By Lucy Caulkett-
A lettings boss from Dorsett has been banned after £34,000 of tenants was spent on her company, instead of being safeguarded on behalf of her tenants.
46 year old Kari Jade Ridout , from Blandford Forum, Dorset, was the sole director of Woodhouse Residential Lettings Limited, a lettings management company that began trading in 2013 predominately in the Dorset area.
As part of its services, Woodhouse Residential Lettings operated a government-backed custodial deposit scheme where in accordance with the Housing Act 2004 the company would safely hold onto tenants’ deposits on behalf of their landlords.
However, just four years after the company started to trade, Woodhouse Residential Lettings entered into Creditors Voluntary Liquidation in May 2017. Independent insolvency practitioners were appointed to wind-up the business before submitting their report to the Insolvency Service. This triggered an investigation which found that Kari Ridout failed to safeguard more than £34,000 worth of deposits.
Investigators established that over two years between May 2015 and the date the company went into liquidation, Woodhouse Residential Lettings collected thousands of pounds worth of deposits from tenants in relation to at least 24 properties, but did not pay them into the custodial deposit scheme.
Instead, the £34,000 was spent, along with general working capital, on the expenses of running the company.
On 16 November 2018, the Secretary of State accepted a disqualification undertaking from Kari Ridout for 6 years, after she admitted failing to ensure that deposits taken from tenants by the company totalling at least £34,610 were safeguarded, as required by the Housing Act 2004.
Effective from 7 December 2018, Kari Ridout is banned for 6 years from acting as a director or directly or indirectly becoming involved, without the permission of the court, in the promotion, formation or management of a company.
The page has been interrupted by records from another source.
lemma nondecreasing_after_crossing:
  fixes h :: "nat \<Rightarrow> real"
  assumes qc: "strictly_quasiconvex_on {1..n} h" and "1 \<le> J"
    and crossing: "(\<Sum>i=1..J. h i) \<le> real J * h (J + 1)"
    and "J < j" "j < n"
  shows "h j \<le> h (j + 1)"
proof (rule ccontr)
  assume "\<not> h j \<le> h (j + 1)"
  have "h (J + 1) < h i" if "i \<in> {1..J}" for i
  proof -
    have "h j < max (h i) (h (j + 1))"
      using qc that assms(4,5) unfolding strictly_quasiconvex_on_def by auto
    then have "h j < h i"
      using \<open>\<not> h j \<le> h (j + 1)\<close> by auto
    moreover have "h (J + 1) < max (h i) (h j)" if "J + 1 < j"
      using qc \<open>i \<in> {1..J}\<close> that assms(5) unfolding strictly_quasiconvex_on_def by auto
    ultimately show ?thesis
      using assms(4) by (cases "J + 1 = j") auto
  qed
  then have "(\<Sum>i=1..J. h (J + 1)) < (\<Sum>i=1..J. h i)"
    using \<open>1 \<le> J\<close> by (intro sum_strict_mono) auto
  with crossing show False
    by simp
qed

lemma prefix_average_antimono:
  fixes h :: "nat \<Rightarrow> real"
  assumes below: "\<forall>m\<in>{1..<n}. real m * h (m + 1) \<le> (\<Sum>j=1..m. h j)"
    and "1 \<le> m" "m \<le> k" "k \<le> n"
  shows "real m * (\<Sum>j=1..k. h j) \<le> real k * (\<Sum>j=1..m. h j)"
  using assms(3,4)
proof (induction k rule: dec_induct)
  case base
  then show ?case by simp
next
  case (step i)
  define P where "P = (\<lambda>i. \<Sum>j=1..i. h j)"
  have "0 < real i"
    using step \<open>1 \<le> m\<close> by simp
  have new_term: "real i * h (i + 1) \<le> P i"
    using below step \<open>1 \<le> m\<close> unfolding P_def by simp
  have IH: "real m * P i \<le> real i * P m"
    using step unfolding P_def by simp
  have "real i * (real m * P (Suc i)) = real m * (real i * P i) + real m * (real i * h (i + 1))"
    unfolding P_def by (simp add: algebra_simps)
  also have "\<dots> \<le> real m * (real i * P i) + real m * P i"
    using new_term by (simp add: mult_left_mono)
  also have "\<dots> = (real i + 1) * (real m * P i)"
    by (simp add: algebra_simps)
  also have "\<dots> \<le> (real i + 1) * (real i * P m)"
    using IH by (simp add: mult_left_mono)
  finally have "real i * (real m * P (Suc i)) \<le> real i * ((real i + 1) * P m)"
    by (simp add: ac_simps)
  then show ?case
    using \<open>0 < real i\<close> unfolding P_def by (simp add: mult_le_cancel_left_pos add.commute)
qed

lemma sum_mult_ge_of_tail_sums_nonneg:
  fixes a y :: "nat \<Rightarrow> real"
  assumes tails: "\<forall>k\<in>{m<..n}. 0 \<le> sum a {k..n}" and mono: "\<forall>j\<in>{m..<n}. y j \<le> y (j + 1)"
    and "m \<le> n"
  shows "sum a {m..n} * y m \<le> (\<Sum>j=m..n. a j * y j)"
  using \<open>m \<le> n\<close>
proof (induction m rule: inc_induct)
  case base
  then show ?case by simp
next
  case (step k)
  have "sum a {Suc k..n} * y k \<le> sum a {Suc k..n} * y (Suc k)"
    using tails mono step by (simp add: mult_left_mono)
  then show ?case
    using step by (simp add: sum.atLeast_Suc_atMost algebra_simps)
qed

lemma sum_mult_le_mean_mult_sum:
  fixes h y :: "nat \<Rightarrow> real"
  assumes front: "\<And>m. m \<in> {1..n} \<Longrightarrow> real m * (\<Sum>j=1..n. h j) \<le> real n * (\<Sum>j=1..m. h j)"
    and mono: "\<forall>j\<in>{1..<n}. y j \<le> y (j + 1)"
  shows "real n * (\<Sum>j=1..n. h j * y j) \<le> (\<Sum>j=1..n. h j) * (\<Sum>j=1..n. y j)"
proof (cases "n = 0")
  case False
  define S where "S = (\<Sum>j=1..n. h j)"
  define a where "a = (\<lambda>j. S - real n * h j)"
  have "0 \<le> sum a {k..n}" if "k \<in> {1<..n}" for k
  proof -
    have split: "sum h {k..n} = S - (\<Sum>j=1..k-1. h j)"
      unfolding S_def using sum_split_at[of 1 "k - 1" n h] that by auto
    have "sum a {k..n} = real (Suc n - k) * S - real n * sum h {k..n}"
      unfolding a_def by (simp add: sum_subtractf sum_distrib_left)
    also have "\<dots> = (real n - real (k - 1)) * S - real n * (S - (\<Sum>j=1..k-1. h j))"
      using that split by (simp add: of_nat_diff)
    also have "\<dots> = real n * (\<Sum>j=1..k-1. h j) - real (k - 1) * S"
      by (simp add: algebra_simps)
    finally have "sum a {k..n} = real n * (\<Sum>j=1..k-1. h j) - real (k - 1) * S" .
    moreover have "k - 1 \<in> {1..n}"
      using that by auto
    then have "real (k - 1) * S \<le> real n * (\<Sum>j=1..k-1. h j)"
      unfolding S_def by (rule front)
    ultimately show ?thesis
      by simp
  qed
  moreover have "sum a {1..n} = 0"
    unfolding a_def S_def by (simp add: sum_subtractf sum_distrib_left)
  ultimately have "0 \<le> (\<Sum>j=1..n. a j * y j)"
    using sum_mult_ge_of_tail_sums_nonneg[of 1 n a y] mono False by simp
  then show ?thesis
    unfolding a_def S_def by (simp add: algebra_simps sum_subtractf sum_distrib_left sum_distrib_right)
qed simp

lemma nonneg_if_nondecreasing:
  fixes y :: "nat \<Rightarrow> real"
  assumes "0 \<le> y 1" "\<forall>j\<in>{1..<n}. y j \<le> y (j + 1)" "j \<in> {1..n}"
  shows "0 \<le> y j"
proof -
  have "1 \<le> j" "j \<le> n"
    using assms(3) by auto
  then show ?thesis
  proof (induction j rule: dec_induct)
    case (step i)
    then have "y i \<le> y (i + 1)"
      using assms(2) by simp
    with step show ?case
      by simp
  qed (use assms(1) in simp)
qed

section \<open>Decision weights of an inverse S-shaped function\<close>

lemma vshaped_increment_pos:
  fixes f' :: "real \<Rightarrow> real"
  assumes x0: "x0 \<in> {0..1}" "strict_antimono_on {0..x0} f'" "strict_mono_on {x0..1} f'"
    and "0 < \<delta>" "0 \<le> s" "s < t" "t + \<delta> \<le> 1"
    and nonneg: "f' s \<le> f' (s + \<delta>)"
  shows "f' t < f' (t + \<delta>)"
proof (cases "x0 \<le> t")
  case True
  then show ?thesis
    using monotone_onD[OF x0(3), of t "t + \<delta>"] assms by auto
next
  case False
  have "f' t < f' s"
    using monotone_onD[OF x0(2), of s t] False assms by auto
  moreover have "x0 < s + \<delta>"
  proof (rule ccontr)
    assume "\<not> x0 < s + \<delta>"
    then have "f' (s + \<delta>) < f' s"
      using monotone_onD[OF x0(2), of s "s + \<delta>"] assms by auto
    with nonneg show False by simp
  qed
  then have "f' (s + \<delta>) < f' (t + \<delta>)"
    using monotone_onD[OF x0(3), of "s + \<delta>" "t + \<delta>"] assms by auto
  ultimately show ?thesis
    using nonneg by simp
qed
Jane Knight, the Insolvency Service’s Deputy Head of Insolvent Investigations, said:
Kari Ridout failed to safeguard the deposits she was entrusted to hold onto, resulting in losses to both landlords and tenants. Her conduct fell short of what is required of a director of a limited liability company and her disqualification will act as a deterrent to others from similar conduct in the future.